In the country as a whole and in Riga at the municipality level, an environment favourable for venture capital inflow should be purposefully built. Latvia can become an attractive platform for opening transnational company offices that in the end will create workplaces, allow the development of IT-clusters and the related real estate units, as well as bring other benefits arising from this process, which in this way works in favour of the prosperity of the Latvian population.
Another process which is closely related to this focuses on the necessity of the simplification of issuing work visas for the employees of the newly-opened offices of the international companies in the territory of Latvia (Riga). That would allow investors to take time-efficient decisions and would become a big plus in favour of choosing our country and its capital.

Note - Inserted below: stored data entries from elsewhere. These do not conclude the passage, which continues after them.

(* For every bracket pattern $w$, $A(A(w))=A(w)$. In particular $\langle\!\langle A(w)\rangle\!\rangle=\langle\!\langle w\rangle\!\rangle$.
   Context: $\mathbb N=\{1,2,\dots\}$, $\mathbb N_0=\mathbb N\cup\{0\}$. A bracket pattern is a non-empty finite subset $w\subseteq\mathbb N$; $\|w\|:=\max(w)$. For bracket patterns $w,w'$: superposition $w\cup w'$; for $j\in w$ the projection $\cap_j w:=\{i\in w\mid i\le j\}$; the dual $w^\dagger:=\{\|w\|-i\mid i\in\mathbb N_0,\ i<\|w\|,\ i\notin w\}$. A bracket pattern category is a set of bracket patterns closed under superposition, duals and projections; $\langle\!\langle w\rangle\!\rangle$ denotes the smallest bracket pattern category containing $w$. The completion of a bracket pattern $w$ is $A(w):=\{j-i\mid j\in w,\ i\in\mathbb N_0,\ i\notin w,\ i<j\}$ (itself a bracket pattern). *)

theory Defs
  imports Main
begin

definition bracket_pattern :: "nat set \<Rightarrow> bool" where
  "bracket_pattern w \<longleftrightarrow> finite w \<and> w \<noteq> {} \<and> 0 \<notin> w"

definition bp_norm :: "nat set \<Rightarrow> nat" where
  "bp_norm w = Max w"

definition bp_proj :: "nat \<Rightarrow> nat set \<Rightarrow> nat set" where
  "bp_proj j w = {i \<in> w. i \<le> j}"

definition bp_dual :: "nat set \<Rightarrow> nat set" where
  "bp_dual w = {bp_norm w - i | i. i < bp_norm w \<and> i \<notin> w}"

definition bp_category :: "nat set set \<Rightarrow> bool" where
  "bp_category C \<longleftrightarrow>
     (\<forall>w\<in>C. bracket_pattern w) \<and>
     (\<forall>w\<in>C. \<forall>w'\<in>C. w \<union> w' \<in> C) \<and>
     (\<forall>w\<in>C. bp_dual w \<in> C) \<and>
     (\<forall>w\<in>C. \<forall>j\<in>w. bp_proj j w \<in> C)"

definition bp_generated :: "nat set \<Rightarrow> nat set set" where
  "bp_generated w = \<Inter> {C. bp_category C \<and> w \<in> C}"

definition bp_completion :: "nat set \<Rightarrow> nat set" where
  "bp_completion w = {j - i | j i. j \<in> w \<and> i \<notin> w \<and> i < j}"

end

theory Submission
  imports Defs
begin

text \<open>
  Idempotence: if \<open>b\<close> is a gap of \<open>A(w)\<close> with \<open>b + x \<in> A(w)\<close>, witnessed by a gap \<open>i\<close> of \<open>w\<close>
  with \<open>i + b + x \<in> w\<close>, then \<open>i + b\<close> is again a gap of \<open>w\<close>, so \<open>x \<in> A(w)\<close>.

  Categories: \<open>A(w)\<close> is the union, over the gaps \<open>i < \<parallel>w\<parallel>\<close>, of the translates \<open>{x > 0. i + x \<in> w}\<close>,
  and each translate is the dual of the projection of \<open>w\<^sup>\<dagger>\<close> at \<open>\<parallel>w\<parallel> - i\<close>. Conversely \<open>w\<close> is
  the union, over \<open>j \<in> w\<close>, of the duals of the projections of \<open>A(w)\<close> at \<open>j\<close>: such a dual contains
  \<open>j\<close>, and any \<open>x < j\<close> in it lies in \<open>w\<close>, for otherwise \<open>x\<close> would be a gap of \<open>w\<close> below \<open>j\<close>
  and \<open>j - x \<in> A(w)\<close>.
\<close>

lemma bp_norm_mem: "bracket_pattern w \<Longrightarrow> bp_norm w \<in> w"
  unfolding bracket_pattern_def bp_norm_def by simp

lemma bp_mem_le_norm: "bracket_pattern w \<Longrightarrow> x \<in> w \<Longrightarrow> x \<le> bp_norm w"
  unfolding bracket_pattern_def bp_norm_def by simp

lemma bp_mem_pos: "bracket_pattern w \<Longrightarrow> x \<in> w \<Longrightarrow> 0 < x"
  unfolding bracket_pattern_def by (auto intro: gr0I)

lemma mem_bp_dual_iff:
  "x \<in> bp_dual u \<longleftrightarrow> 0 < x \<and> x \<le> bp_norm u \<and> bp_norm u - x \<notin> u"
proof
  assume "x \<in> bp_dual u"
  then obtain i where "x = bp_norm u - i" "i < bp_norm u" "i \<notin> u"
    unfolding bp_dual_def by auto
  then show "0 < x \<and> x \<le> bp_norm u \<and> bp_norm u - x \<notin> u"
    by (simp add: diff_diff_cancel)
next
  assume "0 < x \<and> x \<le> bp_norm u \<and> bp_norm u - x \<notin> u"
  then show "x \<in> bp_dual u"
    unfolding bp_dual_def by (auto intro!: exI[of _ "bp_norm u - x"])
qed

lemma bp_norm_mem_bp_dual: "bracket_pattern u \<Longrightarrow> bp_norm u \<in> bp_dual u"
  using bp_norm_mem bp_mem_pos unfolding bracket_pattern_def mem_bp_dual_iff by fastforce

lemma
  assumes "bracket_pattern u"
  shows bracket_pattern_bp_dual: "bracket_pattern (bp_dual u)"
    and bp_norm_bp_dual: "bp_norm (bp_dual u) = bp_norm u"
proof -
  have sub: "bp_dual u \<subseteq> {1..bp_norm u}"
    by (auto simp: mem_bp_dual_iff)
  then show "bracket_pattern (bp_dual u)"
    using bp_norm_mem_bp_dual[OF assms] unfolding bracket_pattern_def
    by (auto intro: finite_subset)
  show "bp_norm (bp_dual u) = bp_norm u"
    unfolding bp_norm_def[of "bp_dual u"]
    using sub bp_norm_mem_bp_dual[OF assms] by (intro Max_eqI) (auto intro: finite_subset)
qed

lemma
  assumes "bracket_pattern u" and "j \<in> u"
  shows bracket_pattern_bp_proj: "bracket_pattern (bp_proj j u)"
    and bp_norm_bp_proj: "bp_norm (bp_proj j u) = j"
proof -
  have "finite (bp_proj j u)" "j \<in> bp_proj j u"
    using assms unfolding bracket_pattern_def bp_proj_def by auto
  then show "bracket_pattern (bp_proj j u)" "bp_norm (bp_proj j u) = j"
    using assms(1) unfolding bracket_pattern_def bp_norm_def bp_proj_def
    by (auto intro: Max_eqI)
qed

lemma mem_bp_dual_proj_iff:
  assumes "bracket_pattern u" and "j \<in> u"
  shows "x \<in> bp_dual (bp_proj j u) \<longleftrightarrow> 0 < x \<and> x \<le> j \<and> j - x \<notin> u"
proof -
  have "x \<le> j \<Longrightarrow> j - x \<in> bp_proj j u \<longleftrightarrow> j - x \<in> u"
    unfolding bp_proj_def by simp
  then show ?thesis
    by (auto simp: mem_bp_dual_iff bp_norm_bp_proj[OF assms])
qed

lemma mem_bp_completion_iff:
  "x \<in> bp_completion w \<longleftrightarrow> (\<exists>i. i \<notin> w \<and> 0 < x \<and> i + x \<in> w)"
proof
  assume "x \<in> bp_completion w"
  then show "\<exists>i. i \<notin> w \<and> 0 < x \<and> i + x \<in> w"
    unfolding bp_completion_def by auto
next
  assume "\<exists>i. i \<notin> w \<and> 0 < x \<and> i + x \<in> w"
  then obtain i where "i \<notin> w" "0 < x" "i + x \<in> w" by blast
  then have "x = (i + x) - i \<and> i + x \<in> w \<and> i \<notin> w \<and> i < i + x"
    by simp
  then show "x \<in> bp_completion w"
    unfolding bp_completion_def by blast
qed

lemma bp_completion_memI: "i \<notin> w \<Longrightarrow> 0 < x \<Longrightarrow> i + x \<in> w \<Longrightarrow> x \<in> bp_completion w"
  by (auto simp: mem_bp_completion_iff)

lemma subset_bp_completion: "0 \<notin> w \<Longrightarrow> w \<subseteq> bp_completion w"
  by (auto intro: bp_completion_memI[of 0] gr0I)

lemma bp_mem_bp_completion: "bracket_pattern w \<Longrightarrow> j \<in> w \<Longrightarrow> j \<in> bp_completion w"
  using subset_bp_completion unfolding bracket_pattern_def by blast

lemma bp_completion_idem: "bp_completion (bp_completion w) = bp_completion w"
proof
  show "bp_completion (bp_completion w) \<subseteq> bp_completion w"
  proof
    fix x assume "x \<in> bp_completion (bp_completion w)"
    then obtain b where b: "b \<notin> bp_completion w" "0 < x" "b + x \<in> bp_completion w"
      by (auto simp: mem_bp_completion_iff)
    then obtain i where i: "i \<notin> w" "i + (b + x) \<in> w"
      by (auto simp: mem_bp_completion_iff)
    show "x \<in> bp_completion w"
    proof (cases "b = 0")
      case True
      then show ?thesis using b by simp
    next
      case False
      then have "i + b \<notin> w"
        using b(1) i(1) by (auto intro: bp_completion_memI)
      then show ?thesis
        using i(2) b(2) by (auto intro: bp_completion_memI simp: add.assoc)
    qed
  qed
  show "bp_completion w \<subseteq> bp_completion (bp_completion w)"
    by (rule subset_bp_completion) (simp add: mem_bp_completion_iff)
qed

lemma bracket_pattern_bp_completion:
  assumes w: "bracket_pattern w"
  shows "bracket_pattern (bp_completion w)"
proof -
  have "bp_completion w \<subseteq> {1..bp_norm w}"
  proof
    fix x assume "x \<in> bp_completion w"
    then obtain i where "0 < x" "i + x \<in> w"
      by (auto simp: mem_bp_completion_iff)
    then show "x \<in> {1..bp_norm w}"
      using bp_mem_le_norm[OF w, of "i + x"] by simp
  qed
  moreover have "w \<subseteq> bp_completion w" "w \<noteq> {}"
    using w bp_mem_bp_completion unfolding bracket_pattern_def by auto
  ultimately show ?thesis
    unfolding bracket_pattern_def by (auto intro: finite_subset)
qed

lemma bp_completion_eq_UN_translates:
  assumes w: "bracket_pattern w"
  shows "bp_completion w = (\<Union>i\<in>{i. i < bp_norm w \<and> i \<notin> w}. {x. 0 < x \<and> i + x \<in> w})"
proof (intro equalityI subsetI)
  fix x assume "x \<in> bp_completion w"
  then obtain i where i: "i \<notin> w" "0 < x" "i + x \<in> w"
    by (auto simp: mem_bp_completion_iff)
  moreover have "i < bp_norm w"
    using i bp_mem_le_norm[OF w, of "i + x"] by simp
  ultimately show "x \<in> (\<Union>i\<in>{i. i < bp_norm w \<and> i \<notin> w}. {x. 0 < x \<and> i + x \<in> w})"
    by blast
qed (auto intro: bp_completion_memI)

lemma bp_dual_proj_dual_eq_translate:
  assumes w: "bracket_pattern w" and i: "i \<notin> w" "i < bp_norm w"
  shows "bp_dual (bp_proj (bp_norm w - i) (bp_dual w)) = {x. 0 < x \<and> i + x \<in> w}"
proof (intro set_eqI)
  fix x
  define n where "n = bp_norm w"
  have "n - i \<in> bp_dual w"
    using i by (simp add: mem_bp_dual_iff n_def)
  then have "x \<in> bp_dual (bp_proj (n - i) (bp_dual w))
      \<longleftrightarrow> 0 < x \<and> x \<le> n - i \<and> n - i - x \<notin> bp_dual w"
    by (simp add: mem_bp_dual_proj_iff bracket_pattern_bp_dual w)
  also have "\<dots> \<longleftrightarrow> 0 < x \<and> x \<le> n - i \<and> (x = n - i \<or> i + x \<in> w)"
    using i(2) by (auto simp: mem_bp_dual_iff bp_norm_bp_dual[OF w] n_def)
  also have "\<dots> \<longleftrightarrow> 0 < x \<and> i + x \<in> w"
    using i(2) bp_norm_mem[OF w] bp_mem_le_norm[OF w, of "i + x"]
    by (auto simp: n_def)
  finally show "x \<in> bp_dual (bp_proj (bp_norm w - i) (bp_dual w))
      \<longleftrightarrow> x \<in> {x. 0 < x \<and> i + x \<in> w}"
    by (simp add: n_def)
qed

lemma bp_dual_proj_completion_subset:
  assumes v: "bracket_pattern v" and j: "j \<in> v"
  shows "bp_dual (bp_proj j (bp_completion v)) \<subseteq> v"
proof
  fix x assume x: "x \<in> bp_dual (bp_proj j (bp_completion v))"
  have "j \<in> bp_completion v"
    using v j by (rule bp_mem_bp_completion)
  with x have x': "0 < x" "x \<le> j" "j - x \<notin> bp_completion v"
    by (simp_all add: mem_bp_dual_proj_iff bracket_pattern_bp_completion v)
  show "x \<in> v"
  proof (rule ccontr)
    assume "x \<notin> v"
    then have "x < j" using j x'(2) by (cases "x = j") auto
    then have "j - x \<in> bp_completion v"
      using \<open>x \<notin> v\<close> j by (intro bp_completion_memI[of x]) simp_all
    with x'(3) show False by contradiction
  qed
qed

lemma bp_eq_UN_dual_proj_completion:
  assumes v: "bracket_pattern v"
  shows "v = (\<Union>j\<in>v. bp_dual (bp_proj j (bp_completion v)))"
proof (intro equalityI subsetI)
  fix j assume j: "j \<in> v"
  have "j \<in> bp_completion v"
    using v j by (rule bp_mem_bp_completion)
  then have "j \<in> bp_dual (bp_proj j (bp_completion v))"
    using bp_norm_mem_bp_dual bracket_pattern_bp_proj bp_norm_bp_proj
      bracket_pattern_bp_completion[OF v] by metis
  with j show "j \<in> (\<Union>j\<in>v. bp_dual (bp_proj j (bp_completion v)))" by blast
qed (use bp_dual_proj_completion_subset[OF v] in blast)

lemma bp_category_UN:
  assumes C: "bp_category C" and "finite I" "I \<noteq> {}" "\<And>i. i \<in> I \<Longrightarrow> f i \<in> C"
  shows "(\<Union>i\<in>I. f i) \<in> C"
  using assms(2-4)
proof (induction I rule: finite_ne_induct)
  case (insert i I)
  then show ?case using C unfolding bp_category_def by simp
qed simp

lemma bp_completion_mem_bp_category:
  assumes C: "bp_category C" and w: "w \<in> C"
  shows "bp_completion w \<in> C"
proof -
  have bp: "bracket_pattern w"
    using C w unfolding bp_category_def by blast
  have "0 \<in> {i. i < bp_norm w \<and> i \<notin> w}"
    using bp bp_mem_pos[OF bp] bp_norm_mem[OF bp] by blast
  moreover have "bp_dual (bp_proj (bp_norm w - i) (bp_dual w)) \<in> C"
    if "i < bp_norm w" "i \<notin> w" for i
  proof -
    have "bp_norm w - i \<in> bp_dual w"
      using that by (simp add: mem_bp_dual_iff)
    then show ?thesis
      using C w unfolding bp_category_def by blast
  qed
  ultimately show ?thesis
    unfolding bp_completion_eq_UN_translates[OF bp]
    by (intro bp_category_UN[OF C]) (auto simp: bp_dual_proj_dual_eq_translate[OF bp, symmetric])
qed

lemma bp_mem_bp_category_of_completion_mem:
  assumes C: "bp_category C" and v: "bracket_pattern v" and "bp_completion v \<in> C"
  shows "v \<in> C"
proof -
  have "bp_dual (bp_proj j (bp_completion v)) \<in> C" if "j \<in> v" for j
  proof -
    have "j \<in> bp_completion v"
      using v that by (rule bp_mem_bp_completion)
    then show ?thesis
      using C \<open>bp_completion v \<in> C\<close> unfolding bp_category_def by blast
  qed
  moreover have "finite v" "v \<noteq> {}"
    using v unfolding bracket_pattern_def by auto
  ultimately show ?thesis
    by (subst bp_eq_UN_dual_proj_completion[OF v]) (rule bp_category_UN[OF C])
qed

theorem lemma7p12:
  assumes "bracket_pattern w"
  shows "bp_completion (bp_completion w) = bp_completion w
         \<and> bp_generated (bp_completion w) = bp_generated w"
proof
  show "bp_completion (bp_completion w) = bp_completion w"
    by (rule bp_completion_idem)
  have "bp_completion w \<in> C \<longleftrightarrow> w \<in> C" if "bp_category C" for C
    using bp_completion_mem_bp_category bp_mem_bp_category_of_completion_mem assms that by blast
  then show "bp_generated (bp_completion w) = bp_generated w"
    unfolding bp_generated_def by (simp cong: conj_cong)
qed

end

Undoubtedly, Riga is the most prospective place in our country in terms of developing a new technological business. Here it could be possible to create free economic zones with reduced taxation for the creation of development and IT businesses (by the way, this idea was also supported with flying colours by the business forum participants). Such zones already exist in the Baltics, and in particular envisage exemption from profit tax payment for 5 years and for 10 years – from the real estate tax by investing a minimum of a million euros in a company. Riga City Council’s position on these issues is also important.
I would like to note that all these ideas are not brand new, they have already been expressed in Latvia and are functioning successfully in many countries, at the same time completely complying with, e.g., EU legislation. And no obstacles can be imagined for implementing these ideas in Latvia. On the contrary, we have the required prerequisites: developed technologies, one of the highest internet speeds in the world, good specialists, liberal and stable European legislation, and an advantageous geographical location.
One of the leading industries in contemporary Latvia is financial services. Here we have great specialists, know-how, a developed banking sector, emerging advanced fintech companies, such as Swipe, 4Finance, Mintos, and Twino that are actively developing the new generation financial services. It is obvious that their number will increase if the optimal economic and taxation environment is created. According to the statistics, the investments in the startup industry in Latvia reached their peak (around 50 million euros) in 2014, and the major share was accounted to foreign capital. We are capable of taking measures for this trend to continue developing.
Events such as eCom21, Rietumu Fintech Challenge, and SV2B are advertising our market and capabilities far beyond the borders of the Baltic region. I am sure that Latvia has a chance of ranking among those advanced countries that are introducing advanced innovations and using their potential for developing prospective industries, and consequently – for the future of its economy and prosperity.
It is quite feasible to make Latvia and Riga one of the platforms for the global 'Silicone Valley'. Yet it is important to understand that this depends on us, on our decisions and efforts. We must be aware of our potential and possibilities, set achievable goals and move determinedly towards achieving them. Then we will create a basis for the further economic development and prosperity of our country, and this is in the interests of all the population of Latvia.